_ABOUT THIS TASK_.
Scan the listing below and copy every line holding "intro".
┏━━
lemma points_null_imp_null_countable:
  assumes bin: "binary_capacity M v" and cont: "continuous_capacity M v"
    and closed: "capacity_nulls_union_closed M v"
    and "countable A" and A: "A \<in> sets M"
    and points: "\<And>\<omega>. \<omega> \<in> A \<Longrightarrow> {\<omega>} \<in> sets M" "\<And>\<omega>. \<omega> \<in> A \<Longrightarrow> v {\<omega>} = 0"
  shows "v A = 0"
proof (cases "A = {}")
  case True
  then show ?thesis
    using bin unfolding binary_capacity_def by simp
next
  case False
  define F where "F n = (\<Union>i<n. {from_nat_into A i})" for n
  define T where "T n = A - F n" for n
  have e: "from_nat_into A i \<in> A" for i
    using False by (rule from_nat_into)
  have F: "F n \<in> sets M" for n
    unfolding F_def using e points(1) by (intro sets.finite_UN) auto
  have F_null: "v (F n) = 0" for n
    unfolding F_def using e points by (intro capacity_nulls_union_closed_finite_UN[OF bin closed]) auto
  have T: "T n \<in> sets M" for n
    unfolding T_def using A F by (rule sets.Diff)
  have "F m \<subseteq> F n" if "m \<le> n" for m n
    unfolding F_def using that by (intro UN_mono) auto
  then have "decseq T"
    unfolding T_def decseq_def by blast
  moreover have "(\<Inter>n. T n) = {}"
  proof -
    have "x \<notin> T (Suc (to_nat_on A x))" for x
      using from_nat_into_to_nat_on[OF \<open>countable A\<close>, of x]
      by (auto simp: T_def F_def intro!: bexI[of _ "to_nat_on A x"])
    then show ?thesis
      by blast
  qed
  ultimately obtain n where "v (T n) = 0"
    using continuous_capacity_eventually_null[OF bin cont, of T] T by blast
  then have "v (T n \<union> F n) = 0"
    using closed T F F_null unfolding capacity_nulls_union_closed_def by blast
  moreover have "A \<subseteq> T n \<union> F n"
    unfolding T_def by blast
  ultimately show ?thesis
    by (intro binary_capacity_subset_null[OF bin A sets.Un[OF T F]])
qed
┗━━
┏━━
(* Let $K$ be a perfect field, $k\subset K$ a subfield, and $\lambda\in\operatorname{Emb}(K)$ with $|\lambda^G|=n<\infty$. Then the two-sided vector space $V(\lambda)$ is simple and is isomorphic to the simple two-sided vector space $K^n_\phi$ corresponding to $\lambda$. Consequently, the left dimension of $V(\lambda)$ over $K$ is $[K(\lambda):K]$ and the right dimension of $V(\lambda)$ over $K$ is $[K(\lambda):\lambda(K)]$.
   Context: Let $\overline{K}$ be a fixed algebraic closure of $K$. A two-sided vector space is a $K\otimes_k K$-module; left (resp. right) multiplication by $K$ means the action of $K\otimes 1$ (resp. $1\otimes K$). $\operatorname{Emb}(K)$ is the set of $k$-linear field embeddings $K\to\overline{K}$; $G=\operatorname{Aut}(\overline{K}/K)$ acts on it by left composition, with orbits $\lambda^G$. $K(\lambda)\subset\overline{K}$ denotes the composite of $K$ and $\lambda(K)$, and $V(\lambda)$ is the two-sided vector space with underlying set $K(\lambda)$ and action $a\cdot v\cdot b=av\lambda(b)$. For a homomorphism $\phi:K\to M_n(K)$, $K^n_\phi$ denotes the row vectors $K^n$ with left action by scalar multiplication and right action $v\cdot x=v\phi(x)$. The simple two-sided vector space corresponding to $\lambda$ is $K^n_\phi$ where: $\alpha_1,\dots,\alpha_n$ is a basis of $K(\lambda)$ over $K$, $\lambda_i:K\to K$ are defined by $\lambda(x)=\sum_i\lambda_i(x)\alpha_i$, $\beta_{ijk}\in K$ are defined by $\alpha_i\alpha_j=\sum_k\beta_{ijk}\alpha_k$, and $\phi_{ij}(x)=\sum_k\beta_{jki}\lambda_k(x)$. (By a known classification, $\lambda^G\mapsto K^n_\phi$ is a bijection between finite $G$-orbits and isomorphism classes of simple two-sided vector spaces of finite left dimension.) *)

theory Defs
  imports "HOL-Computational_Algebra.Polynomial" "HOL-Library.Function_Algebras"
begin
┗━━
_TASK SOLUTION_.
    unfolding F_def using e points(1) by (intro sets.finite_UN) auto
    unfolding F_def using e points by (intro capacity_nulls_union_closed_finite_UN[OF bin closed]) auto
    unfolding F_def using that by (intro UN_mono) auto
      by (auto simp: T_def F_def intro!: bexI[of _ "to_nat_on A x"])
    by (intro binary_capacity_subset_null[OF bin A sets.Un[OF T F]])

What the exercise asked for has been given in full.